HELOOOOOOOOOOOOOOOOO AGAIN ITS ABDELJALIL WITH NEW PROJECT
SPAM EMAIL DETECTION USING SVM MACHINE LEARNING ALGORITHME ---> IMPORTING DATASET ---> EXTRUCTE FEATURES AND SPLIT DATASETS ---> TRAINING THE MODEL AND TUNE PARAMETERS ---> BUILD FINAL SYSTEM RECOGNITION
FOR IMPORTING THE DATASET I IMPORT 4 DATA SETS FROM KAGGLE WEB SITE 5572 , 83K , 179 , 5931 SAMPLES IN EACH
ONE THE REASON THAT I USE ALL THIS DATASET TO MAKE A EQUALITY BETWEEN THE SPAM AND HAM SAMPLES USED IN MY SYSTEM
I DOWNLOAD ALL THIS DATASETS AS CSV FILES AND STORE THEM IN FILE IN SIDE THE PROJECT FILE
I CREATE DATASETGENERATOR.py FOR MAKE DATA SET READY FOR USING INSIDE THE FILE I CREATE A CONNECTION WITH MYSQL DATABASE (I PREFER TO USE MYSQLTABLES NOT CSVFILES BECAUSE I HAVE A WHILE WORKING WITH TABLES )

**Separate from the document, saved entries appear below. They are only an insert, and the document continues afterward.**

(* Let $q$ be a prime, $m\geq 3$, and let $D'$ be an abelian group of order $q^{m+1}$. Suppose that: (1) $D'$ contains at least two subgroups of order $q^{m-1}$ and one of them, say $A'$, is cyclic; (2) $A'$ contains a subgroup $A_1'$ of order $q$ such that $D'/A_1'\cong C_q\times C_{q^{m-1}}$. Then $D'$ is isomorphic to $C_q\times C_{q^m}$ or to $C_{q^2}\times C_{q^{m-1}}$. Moreover, if $m\geq 4$, or if $D'$ contains a noncyclic subgroup $W'$ of order $q^2$ such that $|W'\cap A'|=q$ and $D'/W'$ is cyclic, then $D'\cong C_q\times C_{q^m}$.
   Context: $C_n$ denotes the cyclic group of order $n$. *)

theory Defs
  imports "HOL-Algebra.Algebra"
begin

abbreviation C :: "nat \<Rightarrow> int monoid" where
  "C n \<equiv> integer_mod_group n"

end

(*
  Write A = <a> with ord a = q^n, where n = m - 1; then A1 consists of the elements of A
  of order dividing q. Since D/A1 is C_q x C_(q^n), every x^(q^n) lies in A1, so D has
  exponent dividing q^(n+1), while some x0 has x0^(q^(n-1)) outside A1.

  If some g has g^(q^n) <> 1, then ord g = q^(n+1) and <g> has index q. A representative h
  of a nontrivial coset satisfies h^q = g^(q t), so h g^(-t) has order q and meets <g>
  trivially: D = C_q x C_(q^(n+1)).

  Otherwise D has exponent q^n. Since A has index q^2, x0^(q^2) lies in A while
  x0^(q^(n-1)) does not, which forces n = 2; correcting x0 by a power of a in the same way
  gives y of order q^2 with <y> and A independent, so D = C_(q^2) x C_(q^2). There only
  q^2 elements have order dividing q, so a noncyclic W of order q^2 consists of exactly
  these elements and contains every q-th power; thus D/W has exponent q and order q^2 and
  is not cyclic.
*)
theory Submission
  imports Defs
begin

section \<open>Cyclic subgroups and element orders\<close>

lemma DirProd_nat_pow: "pow (G \<times>\<times> H) (x, y) (n::nat) = (pow G x n, pow H y n)"
  by (induction n) auto

lemma (in group) pow_card_subgroup_eq_one:
  assumes "subgroup H G" "y \<in> H"
  shows "y [^] card H = \<one>"
proof -
  interpret H: group "subgroup_generated G H" by (rule group_subgroup_generated)
  have "carrier (subgroup_generated G H) = H"
    using assms(1) by (rule subgroup.carrier_subgroup_generated_subgroup)
  then show ?thesis
    using H.pow_order_eq_1[of y] assms(2) by (simp add: order_def pow_subgroup_generated)
qed

lemma (in group) subgroup_nat_pow_closed:
  assumes "subgroup H G" "x \<in> H"
  shows "x [^] (k::nat) \<in> H"
  using subgroup_int_pow_closed[OF assms, of "int k"] by (simp add: int_pow_int)

lemma (in group) ord_eq_prime_power:
  assumes "Factorial_Ring.prime q" "x \<in> carrier G"
    and "x [^] (q ^ Suc k) = \<one>" "x [^] (q ^ k) \<noteq> \<one>"
  shows "ord x = q ^ Suc k"
proof -
  obtain i where i: "i \<le> Suc k" "ord x = q ^ i"
    using divides_primepow_nat[OF assms(1)] assms(2,3) pow_eq_id by blast
  have "\<not> i \<le> k"
    using assms(2,4) i(2) le_imp_power_dvd pow_eq_id by metis
  then have "i = Suc k" using i(1) by simp
  then show ?thesis using i(2) by simp
qed

lemma (in group) subgroup_generated_carrier_subgroup_generated:
  "subgroup_generated G (carrier (subgroup_generated G S)) = subgroup_generated G S"
proof -
  have "carrier (subgroup_generated G (carrier (subgroup_generated G S)))
      = carrier (subgroup_generated G S)"
    by (rule subgroup.carrier_subgroup_generated_subgroup[OF subgroup_subgroup_generated])
  then show ?thesis by (simp add: subgroup_generated_def)
qed

lemma (in group) cyclic_subgroup_generatedE:
  assumes "subgroup A G" "cyclic_group (subgroup_generated G A)"
  obtains a where "a \<in> carrier G" "carrier (subgroup_generated G {a}) = A"
proof -
  have carrier_A: "carrier (subgroup_generated G A) = A"
    using assms(1) by (rule subgroup.carrier_subgroup_generated_subgroup)
  obtain a where a: "a \<in> carrier (subgroup_generated G A)"
    "carrier (subgroup_generated G A) = range (\<lambda>k::int. a [^]\<^bsub>subgroup_generated G A\<^esub> k)"
    using assms(2) group.cyclic_group[OF group_subgroup_generated] by blast
  have a_carrier: "a \<in> carrier G"
    using subgroup.mem_carrier[OF assms(1)] a(1) carrier_A by simp
  have "carrier (subgroup_generated G {a}) = range (\<lambda>k::int. a [^] k)"
    using carrier_subgroup_generated_by_singleton[OF a_carrier] .
  also have "\<dots> = range (\<lambda>k::int. a [^]\<^bsub>subgroup_generated G A\<^esub> k)"
    using int_pow_subgroup_generated[OF a(1)] by simp
  also have "\<dots> = A" using a(2) carrier_A by simp
  finally show thesis using that a_carrier by blast
qed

OK I CREATE A BLOCK TO EACH DATASET IMPORT THE CSV FILE , OPEN IT , REMOUVE THE HEADER THEN START SORT THE FILE IN MYSQL TABLES HAVE TOW COLUMNS ONE FOR LABEL AND THE OTHER FOR EMAILMESSAGE THIES TABELS CALLED dataset{k} k number take values from 1 to 4 ONE FOR EACH DATA SET
NEXT CREATE A NEW TABLE CALLED FINALDATASETTABLES COMTAINE ALL FOUR DATASETS FINALLY I GET 94k SAMPLE OF TOTAL IN MY DATA SET
WHEN I CLACULATE THE NUMBERS OF SEMPLES OF EACH LABEL OR CLASS I FUND 44K BY 43K BUT INFRONTLY I CANT USE IT ALL
OK TILL NOW I BUILD A NEW DATASET FROM SOME PARTS AND IM READY FOR NEXT STEP
THE SECOND STEP START BY CREATING A FUNCTION TO PREPROSSECING THE DATASET MESSEGE FROM SOME NOISE LIKE , MULTIWHITSPACING , AND ALL LINK CHARS LIKE and or if while...... USING RE LIBRARY AND REGULAR EXPRISSION FULLY IMPORTED BY GOOGLE , THENEXT STEP IS LOADE OUR DATASET FROM MYSQL DATABASE THE START EXTRUCT FEATURES USING SOME FUNCTIONS , BY THE WAY THE USED FEATURES ARE ( NUMBERS OF PHONENUMBERS IN MAIL , NUMBER OF LINK IN MAIL , PRESENCE OR ABCENCE OF CURRACNY SYMBOLS , RATE OF SPECIAL SYMBOLS IN MAIL , PRESENCE OR ABCENCE OF SPECIAL WORDS IN MAIL , THE UPPERCASE LETTERS RATE , AND BIG WORDS RATE )EACHE ONE OF THIS FEATURS ARE EXTRUCTED BY A FUNCTION RETURN A NUMERICAL VALUE TO USE IT LATER NEXT I MADE A SIMLE TEXT TO CHEK IF MY FUNCTIONS EXTRUCT FEATURES CORRECTLY FINE WHEN I CONFIRM THEY WORK WELL I CALL MY DATASET TABLE ROW BY ROW EXTRUCT FEATURES FROM EACH ROW THEN SAVE IT IN NEW MYSQL TABLE CALLED FINALDATASETFEATURESTABLES ALSO TRANSFER LABELS FROM HAM AND SPAM TO 0 ANS 1 BECAUSE OF MODEL PARAMETERS SPECIFICATION DO THAT FOR ALL 94K SAMPLE AND STORET , THE NEXT STEP BEFOR I START SPLIT MY DATASET IS JUST REMOUVE THE EPTY EMAILS FROM FEATURES TABLE ( I DISCOVER THEM LATE AFTER I FIND SOME SPAM EMAILS AND ALL THERS FEARTURES ARE 0)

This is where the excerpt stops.